Verfahrensablauf, hier am Bsp. Griechenland-Deutschland DW-Beratungsstelle • Nimmt Namen und Geburtsdaten von Mann und Sohn so genau wie möglich auf, kopiert die Aufenthaltsgestattung und die Zustimmungserklärung von Frau A und schickt alles an eine NGO in GR • Klärt, ob es Heirats-/Geburtsurkunden/Pässe gibt, nimmt ggf. eine Eidesstattliche Versicherung auf, klärt ggf. die Kostenübernahme für einen DNA-Test (ist nicht immer nötig, beschleunigt das Verfahren aber) • Gibt Frau A. die Kontaktdaten der griechischen NGO
Verfahrensablauf, hier am Bsp. Griechenland-Deutschland Griechische NGO • Hilft Mann und Sohn bei der Asylantragstellung in GR, legt dort die deutsche AG der Mutter, die Zustimmungserklärung und ggf. weiter Unterlagen vor • Schickt eine Kopie der griechischen Aufenthaltsgestattung („pink card“) an die deutschen Kollegen zwecks Abgleich der Namensschreibweisen
Verfahrensablauf, hier am Bsp. Griechenland-Deutschland DW-Beratungsstelle • Achtet ggf. darauf, dass die Namen von Mann und Sohn bei der Anhörung korrekt transkribiert werden • Hilft ggf. bei der Durchführung des DNA-Tests (in Deutschland i.d.R. beim Hausarzt, in GR beim Arzt der Deutschen Botschaft) • Kontaktiert das deutsche Dublinreferat, sobald GR DE um Übernahme ersucht hat, übersendet bei Bedarf Urkunden, Zustimmungserklärung der Mutter, DNA- Testergebnisse
Verfahrensablauf, hier am Bsp. Griechenland-Deutschland Zusammenführung • Herr A. und der gemeinsame Sohn werden von Griechenland nach Deutschland überstellt • Beide erhalten (sinnvollerweise zusammen mit der Mutter) ein Asylverfahren in Deutschland
Beispielfälle – Wer ist zuständig? Muss-/Soll-/Kann-Bestimmung? 1) Hamid ist 15 Jahre alt, er ist aus Afghanistan nach Griechenland geflüchtet. Seine Mutter lebt geduldet in Deutschland. 2) Yonas und seine Frau Sara wurden auf der Flucht von Eritrea nach Europa getrennt. Als Yonas in Italien ankommt, erfährt er, dass Sara schon in Deutschland Asyl beantragt hat. 3) Wie 2), aber Sara hat bereits subsidiären Schutz erhalten 4) Wie 2), aber 3), aber Sara ist schwanger 5) Abdi folgt seiner Frau und seinen Kindern auf der Flucht nach Norwegen, sie haben dort bereits den Flüchtlingsstatus erhalten. In Deutschland nimmt ihn die Polizei fest.

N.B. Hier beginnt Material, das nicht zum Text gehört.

lemma encoder_error_le:
  assumes "\<rho> \<in> borel_measurable borel" "\<rho> 0 = 0" "1 \<le> d"
    and "f \<in> L2 d \<Omega>" "0 < \<epsilon>" "admissible_sizes R \<noteq> {}"
    and "W_eps \<sigma> \<rho> d \<Omega> f \<epsilon> \<noteq> \<infinity>" "the_enat (W_eps \<sigma> \<rho> d \<Omega> f \<epsilon>) \<le> Max (admissible_sizes R)"
  shows "L2dist d \<Omega> f (decoder R (encoder R f)) \<le> \<epsilon>"
proof -
  obtain g where g: "1 \<le> the_enat (W_eps \<sigma> \<rho> d \<Omega> f \<epsilon>)"
    "g \<in> NN \<sigma> \<rho> d (the_enat (W_eps \<sigma> \<rho> d \<Omega> f \<epsilon>))" "L2dist_sq d \<Omega> f g \<le> ennreal (\<epsilon>\<^sup>2)"
    using W_eps_attained[OF assms(7)] by blast
  have "L2dist_sq d \<Omega> f g < \<infinity>" using g(3) by (rule le_less_trans) simp
  then have "g \<in> L2 d \<Omega>"
    using L2_if_L2dist_sq_finite[OF assms(4)] NN_measurable[OF assms(1) g(2)] by blast
  moreover have "g \<in> canonical_functions \<rho> \<sigma> d (Max (admissible_sizes R))"
    using NN_subset_canonical_functions[where \<rho> = \<rho>, OF assms(2,3) g(1) assms(8)] g(2) by blast
  ultimately have "g \<in> rate_codebook R"
    unfolding rate_codebook_def codebook_def using assms(6) by simp
  then have "L2dist_sq d \<Omega> f (nearest R f) \<le> ennreal (\<epsilon>\<^sup>2)"
    using nearest_in_rate_codebook g(3) order_trans by blast
  then show ?thesis
    unfolding decoder_encoder using L2dist_le_if_sq_le assms(5) by simp
qed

Beispielfälle – Lösungen 1) § 6 Abs. 1 – Deutschland ist für Hamid zuständig, weil sich seine Mutter hier aufhält. 2) Art. 8 - Deutschland ist für Yonas zuständig. 3) Art. 15 (1) – Deutschland kann sich für Yonas zuständig erklären. 4) Art. 15 (2) - Deutschland soll sich für Yonas zuständig erklären. 5) Art. 7 – Norwegen ist für Abdi zuständig. Wenn Abdi aus Somalia stammt, wird er vor dem Problem stehen, dass er keine Heirats- und Geburtsurkunden vorlegen kann. Ggf. muss er einen DNA-Test durchführen lassen.